From the first line of the records through the line containing "using norm_diff_powr_le[OF assms(1), of", retype every line exactly and nothing else.

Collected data
⟨
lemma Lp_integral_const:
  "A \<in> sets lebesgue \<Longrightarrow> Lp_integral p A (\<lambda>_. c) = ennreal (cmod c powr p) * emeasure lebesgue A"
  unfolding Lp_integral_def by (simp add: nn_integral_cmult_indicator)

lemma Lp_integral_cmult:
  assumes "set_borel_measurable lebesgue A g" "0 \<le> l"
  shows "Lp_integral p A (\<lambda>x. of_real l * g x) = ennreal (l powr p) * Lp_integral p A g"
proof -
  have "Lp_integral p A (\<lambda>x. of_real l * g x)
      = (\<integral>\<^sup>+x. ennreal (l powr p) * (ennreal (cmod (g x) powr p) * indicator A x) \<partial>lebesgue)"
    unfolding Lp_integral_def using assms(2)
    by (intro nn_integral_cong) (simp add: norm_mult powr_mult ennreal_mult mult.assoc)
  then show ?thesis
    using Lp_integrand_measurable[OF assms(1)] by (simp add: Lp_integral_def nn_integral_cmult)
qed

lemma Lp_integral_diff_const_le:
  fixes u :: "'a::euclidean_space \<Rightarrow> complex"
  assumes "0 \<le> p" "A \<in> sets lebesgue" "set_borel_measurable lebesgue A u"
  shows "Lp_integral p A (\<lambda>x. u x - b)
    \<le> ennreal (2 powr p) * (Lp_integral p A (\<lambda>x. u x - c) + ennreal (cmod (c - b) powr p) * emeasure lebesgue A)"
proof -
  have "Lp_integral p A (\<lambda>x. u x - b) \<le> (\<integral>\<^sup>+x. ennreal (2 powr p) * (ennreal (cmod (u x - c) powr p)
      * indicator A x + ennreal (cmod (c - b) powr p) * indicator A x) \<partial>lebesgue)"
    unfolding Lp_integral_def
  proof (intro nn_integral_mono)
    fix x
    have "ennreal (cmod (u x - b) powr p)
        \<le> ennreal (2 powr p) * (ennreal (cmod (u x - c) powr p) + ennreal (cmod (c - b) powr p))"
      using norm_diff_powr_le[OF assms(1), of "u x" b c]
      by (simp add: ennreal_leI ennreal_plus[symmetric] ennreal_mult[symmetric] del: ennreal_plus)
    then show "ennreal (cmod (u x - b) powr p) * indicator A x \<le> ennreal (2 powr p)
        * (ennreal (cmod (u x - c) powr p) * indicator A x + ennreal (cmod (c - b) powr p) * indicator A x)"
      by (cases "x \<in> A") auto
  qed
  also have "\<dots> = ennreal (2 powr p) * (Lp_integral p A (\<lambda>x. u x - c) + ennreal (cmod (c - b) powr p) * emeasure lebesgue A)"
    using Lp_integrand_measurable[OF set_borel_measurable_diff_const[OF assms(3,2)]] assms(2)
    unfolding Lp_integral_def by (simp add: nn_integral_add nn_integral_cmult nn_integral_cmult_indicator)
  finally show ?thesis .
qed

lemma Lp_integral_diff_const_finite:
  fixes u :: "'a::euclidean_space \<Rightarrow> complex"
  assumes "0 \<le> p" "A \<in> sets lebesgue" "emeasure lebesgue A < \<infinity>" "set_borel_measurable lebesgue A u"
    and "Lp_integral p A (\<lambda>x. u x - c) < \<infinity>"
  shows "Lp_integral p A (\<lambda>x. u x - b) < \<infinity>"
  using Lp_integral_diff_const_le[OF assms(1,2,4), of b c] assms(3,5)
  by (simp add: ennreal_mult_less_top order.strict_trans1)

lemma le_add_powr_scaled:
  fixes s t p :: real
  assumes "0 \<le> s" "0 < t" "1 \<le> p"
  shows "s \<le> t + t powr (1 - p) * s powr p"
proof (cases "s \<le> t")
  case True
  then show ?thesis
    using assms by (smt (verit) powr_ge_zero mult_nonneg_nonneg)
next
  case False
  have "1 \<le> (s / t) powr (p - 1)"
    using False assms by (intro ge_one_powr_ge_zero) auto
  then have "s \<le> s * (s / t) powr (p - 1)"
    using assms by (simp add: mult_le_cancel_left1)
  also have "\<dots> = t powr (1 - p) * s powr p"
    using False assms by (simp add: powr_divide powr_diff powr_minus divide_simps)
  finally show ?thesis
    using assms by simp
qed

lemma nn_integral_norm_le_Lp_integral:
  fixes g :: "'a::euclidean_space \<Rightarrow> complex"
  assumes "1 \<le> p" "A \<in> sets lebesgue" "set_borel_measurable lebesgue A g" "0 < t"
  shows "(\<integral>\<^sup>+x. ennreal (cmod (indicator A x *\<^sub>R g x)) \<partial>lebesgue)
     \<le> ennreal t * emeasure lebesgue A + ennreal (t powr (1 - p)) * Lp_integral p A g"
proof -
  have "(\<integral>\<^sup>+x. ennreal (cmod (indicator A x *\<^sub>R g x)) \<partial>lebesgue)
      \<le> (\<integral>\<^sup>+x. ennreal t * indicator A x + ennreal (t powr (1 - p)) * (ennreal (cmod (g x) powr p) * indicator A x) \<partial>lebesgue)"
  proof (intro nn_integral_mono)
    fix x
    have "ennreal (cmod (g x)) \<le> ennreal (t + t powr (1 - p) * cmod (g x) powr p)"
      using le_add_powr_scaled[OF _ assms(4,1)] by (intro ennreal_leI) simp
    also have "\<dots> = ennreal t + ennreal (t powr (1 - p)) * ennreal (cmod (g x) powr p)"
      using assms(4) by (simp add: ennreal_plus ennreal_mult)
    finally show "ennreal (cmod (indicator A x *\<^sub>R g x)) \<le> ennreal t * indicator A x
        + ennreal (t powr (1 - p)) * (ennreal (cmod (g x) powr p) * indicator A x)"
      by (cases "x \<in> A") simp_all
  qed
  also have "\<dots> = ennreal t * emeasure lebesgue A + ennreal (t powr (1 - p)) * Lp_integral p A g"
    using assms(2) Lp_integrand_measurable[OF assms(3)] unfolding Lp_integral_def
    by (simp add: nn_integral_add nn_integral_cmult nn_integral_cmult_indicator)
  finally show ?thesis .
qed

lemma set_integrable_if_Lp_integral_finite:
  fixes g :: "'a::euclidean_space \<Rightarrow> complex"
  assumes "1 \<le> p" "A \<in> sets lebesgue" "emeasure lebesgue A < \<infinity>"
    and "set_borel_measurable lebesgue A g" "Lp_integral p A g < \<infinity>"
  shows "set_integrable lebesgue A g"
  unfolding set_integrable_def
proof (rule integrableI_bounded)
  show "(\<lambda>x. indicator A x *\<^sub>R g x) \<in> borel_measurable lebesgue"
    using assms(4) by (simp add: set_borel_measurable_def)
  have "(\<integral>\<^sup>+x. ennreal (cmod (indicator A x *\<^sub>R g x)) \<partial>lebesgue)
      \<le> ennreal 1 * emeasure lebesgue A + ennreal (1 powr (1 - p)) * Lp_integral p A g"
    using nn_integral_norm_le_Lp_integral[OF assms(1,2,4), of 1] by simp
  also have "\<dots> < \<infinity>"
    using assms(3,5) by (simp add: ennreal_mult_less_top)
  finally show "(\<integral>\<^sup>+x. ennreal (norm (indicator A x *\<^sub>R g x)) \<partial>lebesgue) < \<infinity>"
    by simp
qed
⟩
**Result of the task**
lemma Lp_integral_const:
  "A \<in> sets lebesgue \<Longrightarrow> Lp_integral p A (\<lambda>_. c) = ennreal (cmod c powr p) * emeasure lebesgue A"
  unfolding Lp_integral_def by (simp add: nn_integral_cmult_indicator)

lemma Lp_integral_cmult:
  assumes "set_borel_measurable lebesgue A g" "0 \<le> l"
  shows "Lp_integral p A (\<lambda>x. of_real l * g x) = ennreal (l powr p) * Lp_integral p A g"
proof -
  have "Lp_integral p A (\<lambda>x. of_real l * g x)
      = (\<integral>\<^sup>+x. ennreal (l powr p) * (ennreal (cmod (g x) powr p) * indicator A x) \<partial>lebesgue)"
    unfolding Lp_integral_def using assms(2)
    by (intro nn_integral_cong) (simp add: norm_mult powr_mult ennreal_mult mult.assoc)
  then show ?thesis
    using Lp_integrand_measurable[OF assms(1)] by (simp add: Lp_integral_def nn_integral_cmult)
qed

lemma Lp_integral_diff_const_le:
  fixes u :: "'a::euclidean_space \<Rightarrow> complex"
  assumes "0 \<le> p" "A \<in> sets lebesgue" "set_borel_measurable lebesgue A u"
  shows "Lp_integral p A (\<lambda>x. u x - b)
    \<le> ennreal (2 powr p) * (Lp_integral p A (\<lambda>x. u x - c) + ennreal (cmod (c - b) powr p) * emeasure lebesgue A)"
proof -
  have "Lp_integral p A (\<lambda>x. u x - b) \<le> (\<integral>\<^sup>+x. ennreal (2 powr p) * (ennreal (cmod (u x - c) powr p)
      * indicator A x + ennreal (cmod (c - b) powr p) * indicator A x) \<partial>lebesgue)"
    unfolding Lp_integral_def
  proof (intro nn_integral_mono)
    fix x
    have "ennreal (cmod (u x - b) powr p)
        \<le> ennreal (2 powr p) * (ennreal (cmod (u x - c) powr p) + ennreal (cmod (c - b) powr p))"
      using norm_diff_powr_le[OF assms(1), of "u x" b c]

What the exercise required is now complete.